━━ STUDY MATERIAL ━━
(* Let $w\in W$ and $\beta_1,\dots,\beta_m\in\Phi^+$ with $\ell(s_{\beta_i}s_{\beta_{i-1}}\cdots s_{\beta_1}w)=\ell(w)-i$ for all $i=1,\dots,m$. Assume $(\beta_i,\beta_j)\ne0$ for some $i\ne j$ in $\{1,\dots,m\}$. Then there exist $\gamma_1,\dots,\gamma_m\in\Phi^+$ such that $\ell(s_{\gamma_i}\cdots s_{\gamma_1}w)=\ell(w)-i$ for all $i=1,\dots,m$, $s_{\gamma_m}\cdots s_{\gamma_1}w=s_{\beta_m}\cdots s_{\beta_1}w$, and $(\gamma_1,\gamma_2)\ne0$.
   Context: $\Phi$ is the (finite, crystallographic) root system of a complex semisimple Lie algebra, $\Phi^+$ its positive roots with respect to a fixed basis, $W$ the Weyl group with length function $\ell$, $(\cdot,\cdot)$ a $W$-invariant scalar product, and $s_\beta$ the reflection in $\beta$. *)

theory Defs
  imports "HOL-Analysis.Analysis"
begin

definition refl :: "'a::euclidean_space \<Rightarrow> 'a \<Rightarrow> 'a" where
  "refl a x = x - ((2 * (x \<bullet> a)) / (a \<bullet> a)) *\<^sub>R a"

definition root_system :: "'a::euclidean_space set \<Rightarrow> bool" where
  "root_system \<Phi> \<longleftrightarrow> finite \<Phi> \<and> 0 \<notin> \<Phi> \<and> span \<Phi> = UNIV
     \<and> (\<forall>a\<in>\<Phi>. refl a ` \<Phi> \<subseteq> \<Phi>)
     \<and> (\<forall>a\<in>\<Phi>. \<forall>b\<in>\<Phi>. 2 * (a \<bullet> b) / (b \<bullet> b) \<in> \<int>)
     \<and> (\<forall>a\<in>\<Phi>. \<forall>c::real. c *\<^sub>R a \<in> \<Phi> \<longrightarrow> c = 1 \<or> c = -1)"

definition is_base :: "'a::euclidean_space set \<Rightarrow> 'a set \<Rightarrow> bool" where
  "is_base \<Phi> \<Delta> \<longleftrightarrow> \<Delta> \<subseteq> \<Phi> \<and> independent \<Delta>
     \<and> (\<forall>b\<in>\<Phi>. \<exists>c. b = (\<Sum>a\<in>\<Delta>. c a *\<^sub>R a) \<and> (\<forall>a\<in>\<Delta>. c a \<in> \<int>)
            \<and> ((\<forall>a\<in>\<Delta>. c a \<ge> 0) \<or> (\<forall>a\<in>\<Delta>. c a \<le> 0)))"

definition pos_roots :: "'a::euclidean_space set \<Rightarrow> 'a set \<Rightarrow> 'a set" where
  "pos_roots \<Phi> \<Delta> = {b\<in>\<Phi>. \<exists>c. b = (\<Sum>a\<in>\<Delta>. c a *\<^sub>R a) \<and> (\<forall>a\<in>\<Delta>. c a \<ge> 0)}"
━━━
PROBLEM
Send back all the records above word for word.

RESPONSE FOR THIS EXERCISE
(* Let $w\in W$ and $\beta_1,\dots,\beta_m\in\Phi^+$ with $\ell(s_{\beta_i}s_{\beta_{i-1}}\cdots s_{\beta_1}w)=\ell(w)-i$ for all $i=1,\dots,m$. Assume $(\beta_i,\beta_j)\ne0$ for some $i\ne j$ in $\{1,\dots,m\}$. Then there exist $\gamma_1,\dots,\gamma_m\in\Phi^+$ such that $\ell(s_{\gamma_i}\cdots s_{\gamma_1}w)=\ell(w)-i$ for all $i=1,\dots,m$, $s_{\gamma_m}\cdots s_{\gamma_1}w=s_{\beta_m}\cdots s_{\beta_1}w$, and $(\gamma_1,\gamma_2)\ne0$.
   Context: $\Phi$ is the (finite, crystallographic) root system of a complex semisimple Lie algebra, $\Phi^+$ its positive roots with respect to a fixed basis, $W$ the Weyl group with length function $\ell$, $(\cdot,\cdot)$ a $W$-invariant scalar product, and $s_\beta$ the reflection in $\beta$. *)

theory Defs
  imports "HOL-Analysis.Analysis"
begin

definition refl :: "'a::euclidean_space \<Rightarrow> 'a \<Rightarrow> 'a" where
  "refl a x = x - ((2 * (x \<bullet> a)) / (a \<bullet> a)) *\<^sub>R a"

definition root_system :: "'a::euclidean_space set \<Rightarrow> bool" where
  "root_system \<Phi> \<longleftrightarrow> finite \<Phi> \<and> 0 \<notin> \<Phi> \<and> span \<Phi> = UNIV
     \<and> (\<forall>a\<in>\<Phi>. refl a ` \<Phi> \<subseteq> \<Phi>)
     \<and> (\<forall>a\<in>\<Phi>. \<forall>b\<in>\<Phi>. 2 * (a \<bullet> b) / (b \<bullet> b) \<in> \<int>)
     \<and> (\<forall>a\<in>\<Phi>. \<forall>c::real. c *\<^sub>R a \<in> \<Phi> \<longrightarrow> c = 1 \<or> c = -1)"

definition is_base :: "'a::euclidean_space set \<Rightarrow> 'a set \<Rightarrow> bool" where
  "is_base \<Phi> \<Delta> \<longleftrightarrow> \<Delta> \<subseteq> \<Phi> \<and> independent \<Delta>
     \<and> (\<forall>b\<in>\<Phi>. \<exists>c. b = (\<Sum>a\<in>\<Delta>. c a *\<^sub>R a) \<and> (\<forall>a\<in>\<Delta>. c a \<in> \<int>)
            \<and> ((\<forall>a\<in>\<Delta>. c a \<ge> 0) \<or> (\<forall>a\<in>\<Delta>. c a \<le> 0)))"

definition pos_roots :: "'a::euclidean_space set \<Rightarrow> 'a set \<Rightarrow> 'a set" where
  "pos_roots \<Phi> \<Delta> = {b\<in>\<Phi>. \<exists>c. b = (\<Sum>a\<in>\<Delta>. c a *\<^sub>R a) \<and> (\<forall>a\<in>\<Delta>. c a \<ge> 0)}"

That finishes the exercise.